Any answers/results given without the corresponding R code that generated the result will not be considered.
For example, if you’re reporting the number of observations in your dataset, don’t just write the number manually, use inline R code to calculate the number.
All code reported in your final project document should work properly.
Please do not include any extraneous code or code which produces error messages.
Code which produces certain warnings and messages is acceptable, as long as you understand what the warnings mean.
In such cases you can add
warning = FALSE and
message = FALSE in the relevant R chunks.
Warnings that signal lifecycle changes (e.g., a function is deprecated and there’s a newer/better function out there) should generally be addressed by updating your code, not just by hiding the warning.
You’re working in the same repo as your teammates now, so merge conflicts will happen, issues will arise, and that’s fine! Commit and push often, and ask questions when stuck.
Review the marking guidelines below and ask questions if any of the expectations are unclear.
Make sure each team member is contributing, both in terms of quality and quantity of contribution (we will be reviewing commits from different team members).
Set aside time to work together and apart (physically).

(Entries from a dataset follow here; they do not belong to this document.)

lemma mult_single_coeff_notin_prime_ideal:
  fixes g h :: "'a::comm_ring_1 poly"
  assumes P: "prime_ideal P" and gh: "{i. coeff (g * h) i \<notin> P} = {d}"
  obtains r s where "r + s = d" "{i. coeff g i \<notin> P} = {r}" "{i. coeff h i \<notin> P} = {s}"
proof -
  have I: "is_ideal P" using P by (simp add: prime_ideal_def)
  define G where "G = {i. coeff g i \<notin> P}"
  define H where "H = {i. coeff h i \<notin> P}"
  have fin: "finite G" "finite H"
    unfolding G_def H_def by (simp_all add: finite_coeffs_notin_ideal[OF I])
  have "G \<noteq> {} \<and> H \<noteq> {}"
  proof (rule ccontr)
    assume "\<not> (G \<noteq> {} \<and> H \<noteq> {})"
    then have "coeff g i * coeff h (d - i) \<in> P" for i
      by (auto simp: G_def H_def is_ideal_mult_left[OF I] is_ideal_mult_right[OF I])
    then have "coeff (g * h) d \<in> P" by (simp add: coeff_mult is_ideal_sum[OF I])
    then show False using gh by blast
  qed
  then have ne: "G \<noteq> {}" "H \<noteq> {}" by blast+
  have low: "coeff (g * h) (Min G + Min H) \<notin> P"
  proof (rule coeff_mult_lowest_notin_prime_ideal[OF P])
    show "coeff g (Min G) \<notin> P" "coeff h (Min H) \<notin> P"
      using Min_in[OF fin(1) ne(1)] Min_in[OF fin(2) ne(2)] by (simp_all add: G_def H_def)
    show "\<forall>i<Min G. coeff g i \<in> P" "\<forall>i<Min H. coeff h i \<in> P"
      using Min_le[OF fin(1)] Min_le[OF fin(2)] by (auto simp: G_def H_def not_le[symmetric])
  qed
  have high: "coeff (g * h) (Max G + Max H) \<notin> P"
  proof (rule coeff_mult_highest_notin_prime_ideal[OF P])
    show "coeff g (Max G) \<notin> P" "coeff h (Max H) \<notin> P"
      using Max_in[OF fin(1) ne(1)] Max_in[OF fin(2) ne(2)] by (simp_all add: G_def H_def)
    show "\<forall>i>Max G. coeff g i \<in> P" "\<forall>i>Max H. coeff h i \<in> P"
      using Max_ge[OF fin(1)] Max_ge[OF fin(2)] by (auto simp: G_def H_def not_le[symmetric])
  qed
  have "Min G + Min H = d" "Max G + Max H = d" using low high gh by blast+
  moreover have "Min G \<le> Max G" "Min H \<le> Max H" using fin ne by simp_all
  ultimately have "Min G = Max G" "Min H = Max H" by linarith+
  then have "G = {Min G}" "H = {Min H}"
    using fin ne Min_le Max_ge by (metis antisym subset_singleton_iff subsetI singletonI)+
  with \<open>Min G + Min H = d\<close> show thesis using that unfolding G_def H_def by blast
qed

lemma GE_poly_irreducible:
  fixes f :: "'a::comm_ring_1 poly"
  assumes max: "maximal_ideal M" and sq: "\<forall>a\<in>M. \<forall>b\<in>M. a * b = 0"
    and GE: "GE_poly M f" and c0: "coeff f 0 \<noteq> 0"
  shows "irreducible f"
proof -
  have I: "is_ideal M" and proper: "M \<noteq> UNIV" using max by (auto simp: maximal_ideal_def)
  have P: "prime_ideal M" using max by (rule maximal_ideal_imp_prime_ideal)
  have one: "(1::'a) \<notin> M" using is_ideal_one_notin[OF I proper] .
  have f: "lead_coeff f = 1" "degree f \<ge> 1" "\<forall>i<degree f. coeff f i \<in> M"
    using GE by (auto simp: GE_poly_def)
  have supp_f: "{i. coeff f i \<notin> M} = {degree f}"
    using f one is_ideal_zero[OF I] by (auto, metis coeff_eq_0 linorder_neqE_nat)
  have factor_unit: "g dvd 1" if "{i. coeff g i \<notin> M} = {0}" for g :: "'a poly"
    using that square_zero_maximal_ideal_compl_unit[OF max sq]
    by (intro square_zero_ideal_poly_unit[OF I sq]) (auto simp: set_eq_iff, metis neq0_conv)
  have "g dvd 1 \<or> h dvd 1" if fgh: "f = g * h" for g h
  proof -
    obtain r s where rs: "{i. coeff g i \<notin> M} = {r}" "{i. coeff h i \<notin> M} = {s}"
      using mult_single_coeff_notin_prime_ideal[OF P] supp_f fgh by metis
    have "r = 0 \<or> s = 0"
    proof (rule ccontr)
      assume "\<not> (r = 0 \<or> s = 0)"
      then have "coeff g 0 \<in> M" "coeff h 0 \<in> M" using rs by (auto simp: set_eq_iff)
      then show False using sq c0 fgh by (simp add: coeff_mult)
    qed
    then show ?thesis using factor_unit rs by auto
  qed
  moreover have "f \<noteq> 0" "\<not> f dvd 1"
    using f monic_not_unit[of f] one is_ideal_zero[OF I] by auto
  ultimately show ?thesis by (auto simp: irreducible_def)
qed

theorem corollary3p5:
  fixes M :: "'a::comm_ring_1 set" and f :: "'a poly"
  assumes "artinian TYPE('a)"
    and "local_ring_with M"
    and "M \<noteq> {0}"
    and "\<forall>a\<in>M. \<forall>b\<in>M. a * b = 0"
    and "GE_poly M f"
    and "degree f \<ge> 2"
  shows "irreducible f \<longleftrightarrow> coeff f 0 \<noteq> 0"
proof -
  have max: "maximal_ideal M" using assms(2) by (simp add: local_ring_with_def)
  then have "(1::'a) \<noteq> 0"
    using is_ideal_one_notin is_ideal_zero by (fastforce simp: maximal_ideal_def)
  then have "coeff f 0 = 0 \<Longrightarrow> \<not> irreducible f"
    using assms(5,6) monic_coeff_0_eq_0_not_irreducible by (auto simp: GE_poly_def)
  moreover have "coeff f 0 \<noteq> 0 \<Longrightarrow> irreducible f"
    using GE_poly_irreducible[OF max assms(4,5)] .
  ultimately show ?thesis by blast
qed

end
(* Let $\mathbf{K}$ be a Kan complex in pointed simplicial sets which is an $H$-group, and let $\bar m:F\mathbf{K}\to\mathbf{K}$ be the associated retraction. Suppose that $$(\ast)\qquad f\star\big((g\star h)\circ j_B\big)=(g\circ f)\star h$$ for all pointed simplicial sets $\mathbf{A},\mathbf{B},\mathbf{C}$, all homomorphisms of simplicial groups $f:F\mathbf{A}\to F\mathbf{B}$ and $g:F\mathbf{B}\to F\mathbf{C}$, and all pointed simplicial maps $h:\mathbf{C}\to\mathbf{K}$. Then $\mathbf{K}$ is $H$-homotopy equivalent to a simplicial group (and thus $|\mathbf{K}|$ is equivalent to a loop space). Conversely, if $\mathbf{K}$ is a simplicial group (with its group multiplication as $H$-structure and $\bar m$ the homomorphism $F\mathbf{K}\to\mathbf{K}$ extending the identity), then $(\ast)$ holds.
   Context: $F$ denotes Milnor's free simplicial group functor from pointed simplicial sets to simplicial groups: $(F\mathbf{K})_n$ is the free group on $\mathbf{K}_n$ with the basepoint identified with the unit; $j_K:\mathbf{K}\to F\mathbf{K}$ is the inclusion of generators. An $H$-group structure on $\mathbf{K}$ is a simplicial map $m:\mathbf{K}\times\mathbf{K}\to\mathbf{K}$ restricting to the fold map on $\mathbf{K}\vee\mathbf{K}$, homotopy-associative and with a two-sided homotopy inverse. The retraction $\bar m:F\mathbf{K}\to\mathbf{K}$ (with $\bar m\circ j_K=\mathrm{id}$) is defined by iterated multiplication, $\bar m(x_1x_2\cdots x_n)=m(\cdots m(m(x_1,x_2),x_3),\dots,x_n)$ (analogue of the James-construction retraction). For a homomorphism of simplicial groups $f:F\mathbf{A}\to F\mathbf{B}$ and a pointed simplicial map $g:\mathbf{B}\to\mathbf{K}$, define $f\star g:=\bar m\circ Fg\circ f:F\mathbf{A}\to\mathbf{K}$. An $H$-homotopy equivalence is a homotopy equivalence which is an $H$-map (compatible with multiplications up to homotopy). *)

theory Defs
  imports "HOL-Algebra.Group"
begin

text \<open>cells X n is the set of n-simplices; face X n i : X_n -> X_(n-1) (i <= n);
  degen X n i : X_n -> X_(n+1) (i <= n); base X is the base vertex in X_0.\<close>

record 'a psset =
  cells :: "nat \<Rightarrow> 'a set"
  face  :: "nat \<Rightarrow> nat \<Rightarrow> 'a \<Rightarrow> 'a"
  degen :: "nat \<Rightarrow> nat \<Rightarrow> 'a \<Rightarrow> 'a"
  base  :: 'a

primrec bpt :: "('a, 'm) psset_scheme \<Rightarrow> nat \<Rightarrow> 'a" where
  "bpt X 0 = base X"
| "bpt X (Suc n) = degen X n 0 (bpt X n)"

definition pssset :: "('a, 'm) psset_scheme \<Rightarrow> bool" where
  "pssset X \<longleftrightarrow>
     base X \<in> cells X 0 \<and>
     (\<forall>n i x. x \<in> cells X (Suc n) \<and> i \<le> Suc n \<longrightarrow> face X (Suc n) i x \<in> cells X n) \<and>
     (\<forall>n i x. x \<in> cells X n \<and> i \<le> n \<longrightarrow> degen X n i x \<in> cells X (Suc n)) \<and>
     (\<forall>n i j x. x \<in> cells X (Suc (Suc n)) \<and> i < j \<and> j \<le> Suc (Suc n) \<longrightarrow>
        face X (Suc n) i (face X (Suc (Suc n)) j x) = face X (Suc n) (j - 1) (face X (Suc (Suc n)) i x)) \<and>
     (\<forall>n i j x. x \<in> cells X n \<and> i \<le> j \<and> j \<le> n \<longrightarrow>
        degen X (Suc n) i (degen X n j x) = degen X (Suc n) (Suc j) (degen X n i x)) \<and>
     (\<forall>n i j x. x \<in> cells X n \<and> i < j \<and> j \<le> n \<longrightarrow>
        face X (Suc n) i (degen X n j x) = degen X (n - 1) (j - 1) (face X n i x)) \<and>
     (\<forall>n j x. x \<in> cells X n \<and> j \<le> n \<longrightarrow>
        face X (Suc n) j (degen X n j x) = x \<and> face X (Suc n) (Suc j) (degen X n j x) = x) \<and>
     (\<forall>n i j x. x \<in> cells X n \<and> Suc j < i \<and> i \<le> Suc n \<longrightarrow>
        face X (Suc n) i (degen X n j x) = degen X (n - 1) j (face X n (i - 1) x))"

In your presentation your code should be hidden (
echo = FALSE) so that your slides are neat and easy to read. However your document should include all your code such that if I re-knit your R Markdown file I should be able to obtain the results you presented. Exception: If you want to highlight something specific about a piece of code, you’re welcomed to show that portion.
In your write-up your code should be visible.
Teamwork: You are to complete the assignment as a team. All team members are expected to contribute equally to the completion of this assignment and team evaluations will be given at its completion - anyone judged to not have sufficient contributed to the final product will have their grade penalized. While different teams members may have different backgrounds and abilities, it is the responsibility of every team member to understand how and why all code and approaches in the assignment works.
When you’re done, review the documents on GitHub to make sure you’re happy with the final state of your work. Then go get some rest!